3. Key Contributions

Novel Framework: Introduction of PerturbGraph, the first framework to explicitly model perturbation effects as stable transcriptional programs propagated through a biologically enriched interaction graph.
Enriched Representation: Development of a composite node feature set integrating PPI topology, graph embeddings, baseline transcriptional statistics, and GO functional annotations.
Superior Generalization: Demonstration that propagating information through biological networks significantly outperforms models that rely solely on gene features or cell-level generative modeling.
Comprehensive Benchmarking: A rigorous evaluation against a wide range of baselines, including linear models (Ridge, Lasso), nonlinear models (Random Forest, MLP), state-of-the-art perturbation models (scGen, CPA), and alternative GNNs (GraphSAGE, GAT).

4. Results

The model was evaluated on large-scale CRISPR datasets (Replogle and Norman) under strict unseen-perturbation settings.

Performance vs.
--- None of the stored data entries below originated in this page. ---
(* Consider the system of ordinary differential equations for $(x(t),h(t),n(t))$: \[ \frac{dx}{dt} = x(1-x)S(h) + \mu(h)(1-x) - \nu x,\qquad \frac{dh}{dt} = \alpha n(1+\beta x)\,G(h) - \Gamma(n)(h-1),\qquad \frac{dn}{dt} = r n(1-n) - D(h,x)\,n, \] where \[ S(h) = \frac{s_0}{1+e^{-\lambda(h-h_c)}} - c + \varphi\, d_S(h),\quad d_S(h) = \frac{d_{\max} h^m}{h_{50}^m + h^m},\quad \mu(h)=\mu_0 h^p, \] \[ G(h) = \frac{K_g}{K_g+h},\quad \Gamma(n) = \frac{\gamma_0}{1+\eta n},\quad D(h,x) = (1-\varphi x)\,d_S(h), \] and all parameters $s_0,\lambda,h_c,c,\varphi,d_{\max},h_{50},m,\mu_0,p,\nu,\alpha,\beta,K_g,\gamma_0,\eta,r$ are positive, with $\varphi\le 1$. Let $\mathcal{D} = [0,1]\times(0,\infty)\times[0,1]$. Then for every initial condition $(x_0,h_0,n_0)\in\mathcal{D}$ the system admits a unique solution $(x(t),h(t),n(t))$ defined for all $t\ge 0$, and this solution remains in $\mathcal{D}$ for all $t\ge 0$.
   Context: The model describes a tumor: $x$ is the fraction of acid-resistant cells, $h$ is the proton concentration normalized by its physiological value (so $h=1$ is physiological pH), and $n$ is tumor density normalized by carrying capacity. *)

theory Defs
  imports "HOL-Analysis.Analysis"
begin

record params =
  s0 :: real  lam :: real  hc :: real  cc :: real  phi :: real
  dmax :: real  h50 :: real  mm :: real  mu0 :: real  pp :: real
  nu :: real  alpha :: real  beta :: real  Kg :: real  gamma0 :: real
  eta :: real  rr :: real

definition params_ok :: "params \<Rightarrow> bool" where
  "params_ok P \<longleftrightarrow> s0 P > 0 \<and> lam P > 0 \<and> hc P > 0 \<and> cc P > 0 \<and> phi P > 0 \<and>
     dmax P > 0 \<and> h50 P > 0 \<and> mm P > 0 \<and> mu0 P > 0 \<and> pp P > 0 \<and> nu P > 0 \<and>
     alpha P > 0 \<and> beta P > 0 \<and> Kg P > 0 \<and> gamma0 P > 0 \<and> eta P > 0 \<and> rr P > 0 \<and>
     phi P \<le> 1"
Baselines:
- Replogle Dataset: PerturbGraph achieved a Cosine Similarity of 0.592 and Spearman Correlation of 0.340.
- It outperformed the strongest feature-based baseline (Random Forest, Cosine 0.557) by ~6% and perturbation-specific deep learning models like CPA (0.567) and scGen (0.557).
- It also outperformed other GNN architectures (GraphSAGE: 0.563, GAT: 0.551), suggesting that standard GCN aggregation is particularly effective for this task.
Generalization (Norman Dataset):
- PerturbGraph achieved a Cosine Similarity of 0.940 and Spearman Correlation of 0.815, surpassing Ridge regression (0.901) and CPA (0.918).
Biological Priors Impact:
- Ablation studies (Table 3) showed that while graph topology alone is effective, adding GO embeddings provided the most significant boost, confirming that functional annotations are critical for predicting unseen gene behaviors.
Interpretability:
- The model successfully recovered biologically coherent pathways (e.g., translation, rRNA processing for ribosomal gene perturbations).
- Prediction accuracy was found to correlate with network proximity: genes closer to training perturbations in the PPI network yielded higher prediction accuracy.

5. Significance

Scalable Functional Discovery: PerturbGraph enables in silico screening of candidate perturbations, guiding experimental design and accelerating the discovery of regulatory dependencies and therapeutic targets without the need for exhaustive wet-lab experiments.
Biological Inductive Bias: The study validates that integrating biological interaction networks (PPI) with graph representation learning provides a strong inductive bias, allowing models to learn the "rules" of transcriptional regulation that generalize to unseen genes.
Methodological Advancement: It establishes that modeling gene-gene relationships via message passing is superior to treating genes as independent features or relying solely on cell-state generative models for perturbation prediction tasks.

Limitations & Future Work: The current framework focuses on perturbation-level programs rather than cell-type heterogeneity. Future iterations aim to integrate cell-type-specific networks and generative single-cell models to further enhance biological interpretability.